### Aim of the task
Transcribe the records below exactly as written, from the opening line through the line that contains "using pre_append_seg[OF m(1), of".

[Stored data]
= = = =

lemma Fbar_complete_family:
  assumes "weakly_left_resolving G \<B>"
  shows "complete_family G \<B> \<alpha> (Fbar G \<B> \<alpha> F)"
proof -
  have filter: "is_filter_in (Bsub G \<B> (pre \<alpha> n)) (Fbar G \<B> \<alpha> F n)"
    if "Fbar G \<B> \<alpha> F n \<noteq> {}" for n
    unfolding is_filter_in_def
    using that Fbar_in_Bsub Fbar_nonempty_members Fbar_upward Fbar_Int[OF assms] by blast
  have "F n \<noteq> {}" if "n > 0" for n
    using that admissible unfolding admissible_def family_filters_def is_filter_in_def by auto
  then have "Fbar G \<B> \<alpha> F n \<noteq> {}" if "n > 0" for n
    using that admissible_subset_Fbar by blast
  moreover have "pre \<alpha> 0 = []"
    by (simp add: pre_def)
  ultimately have "family_filters G \<B> \<alpha> (Fbar G \<B> \<alpha> F)"
    unfolding family_filters_def using filter Bsub_Nil[OF accommodating] by metis
  then show ?thesis
    unfolding complete_family_def using Fbar_step by blast
qed

lemma xi_of_Fbar: "xi_of G \<B> \<alpha> (Fbar G \<B> \<alpha> F) = xi_of G \<B> \<alpha> F"
proof
  show "xi_of G \<B> \<alpha> F \<subseteq> xi_of G \<B> \<alpha> (Fbar G \<B> \<alpha> F)"
    unfolding xi_of_def using admissible_subset_Fbar by blast
  show "xi_of G \<B> \<alpha> (Fbar G \<B> \<alpha> F) \<subseteq> xi_of G \<B> \<alpha> F"
  proof
    fix y assume "y \<in> xi_of G \<B> \<alpha> (Fbar G \<B> \<alpha> F)"
    then obtain n A where A: "A \<in> Fbar G \<B> \<alpha> F n"
        and y: "y \<in> upE G \<B> (Some (pre \<alpha> n, A, pre \<alpha> n))"
      unfolding xi_of_def by auto
    obtain m where m: "n \<le> m" "rlab G A (seg \<alpha> n m) \<in> F m"
      using A unfolding Fbar_def by auto
    obtain c C where y_eq: "y = Some (c, C, c)" and below: "sleq G (Some (pre \<alpha> n, A, pre \<alpha> n)) y"
      using y by (rule upE_SomeE)
    have "A \<noteq> {}"
      using A Fbar_nonempty_members by auto
    then obtain a' where a': "pre \<alpha> n = c @ a'" "A \<subseteq> rlab G C a'"
      using below unfolding y_eq by (auto simp: sleq_idempotents_iff)
    define B where "B = rlab G A (seg \<alpha> n m)"
    have "pre \<alpha> m = c @ (a' @ seg \<alpha> n m)"
      using pre_append_seg[OF m(1), of \<alpha>] a'(1) by simp
    moreover have "B \<subseteq> rlab G C (a' @ seg \<alpha> n m)"
      unfolding B_def rlab_append using rlab_mono[OF a'(2)] .
    moreover have "B \<noteq> {}"
      using m(2) admissible_nonempty_members unfolding B_def by auto
    ultimately have "sleq G (Some (pre \<alpha> m, B, pre \<alpha> m)) y"
      unfolding y_eq by (auto simp: sleq_idempotents_iff)
    then have "y \<in> upE G \<B> (Some (pre \<alpha> m, B, pre \<alpha> m))"
      using y unfolding upE_def by auto
    then show "y \<in> xi_of G \<B> \<alpha> F"
      using m(2) unfolding xi_of_def B_def by blast
  qed
qed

= = = =

### Answer space
lemma Fbar_complete_family:
  assumes "weakly_left_resolving G \<B>"
  shows "complete_family G \<B> \<alpha> (Fbar G \<B> \<alpha> F)"
proof -
  have filter: "is_filter_in (Bsub G \<B> (pre \<alpha> n)) (Fbar G \<B> \<alpha> F n)"
    if "Fbar G \<B> \<alpha> F n \<noteq> {}" for n
    unfolding is_filter_in_def
    using that Fbar_in_Bsub Fbar_nonempty_members Fbar_upward Fbar_Int[OF assms] by blast
  have "F n \<noteq> {}" if "n > 0" for n
    using that admissible unfolding admissible_def family_filters_def is_filter_in_def by auto
  then have "Fbar G \<B> \<alpha> F n \<noteq> {}" if "n > 0" for n
    using that admissible_subset_Fbar by blast
  moreover have "pre \<alpha> 0 = []"
    by (simp add: pre_def)
  ultimately have "family_filters G \<B> \<alpha> (Fbar G \<B> \<alpha> F)"
    unfolding family_filters_def using filter Bsub_Nil[OF accommodating] by metis
  then show ?thesis
    unfolding complete_family_def using Fbar_step by blast
qed

lemma xi_of_Fbar: "xi_of G \<B> \<alpha> (Fbar G \<B> \<alpha> F) = xi_of G \<B> \<alpha> F"
proof
  show "xi_of G \<B> \<alpha> F \<subseteq> xi_of G \<B> \<alpha> (Fbar G \<B> \<alpha> F)"
    unfolding xi_of_def using admissible_subset_Fbar by blast
  show "xi_of G \<B> \<alpha> (Fbar G \<B> \<alpha> F) \<subseteq> xi_of G \<B> \<alpha> F"
  proof
    fix y assume "y \<in> xi_of G \<B> \<alpha> (Fbar G \<B> \<alpha> F)"
    then obtain n A where A: "A \<in> Fbar G \<B> \<alpha> F n"
        and y: "y \<in> upE G \<B> (Some (pre \<alpha> n, A, pre \<alpha> n))"
      unfolding xi_of_def by auto
    obtain m where m: "n \<le> m" "rlab G A (seg \<alpha> n m) \<in> F m"
      using A unfolding Fbar_def by auto
    obtain c C where y_eq: "y = Some (c, C, c)" and below: "sleq G (Some (pre \<alpha> n, A, pre \<alpha> n)) y"
      using y by (rule upE_SomeE)
    have "A \<noteq> {}"
      using A Fbar_nonempty_members by auto
    then obtain a' where a': "pre \<alpha> n = c @ a'" "A \<subseteq> rlab G C a'"
      using below unfolding y_eq by (auto simp: sleq_idempotents_iff)
    define B where "B = rlab G A (seg \<alpha> n m)"
    have "pre \<alpha> m = c @ (a' @ seg \<alpha> n m)"
      using pre_append_seg[OF m(1), of \<alpha>] a'(1) by simp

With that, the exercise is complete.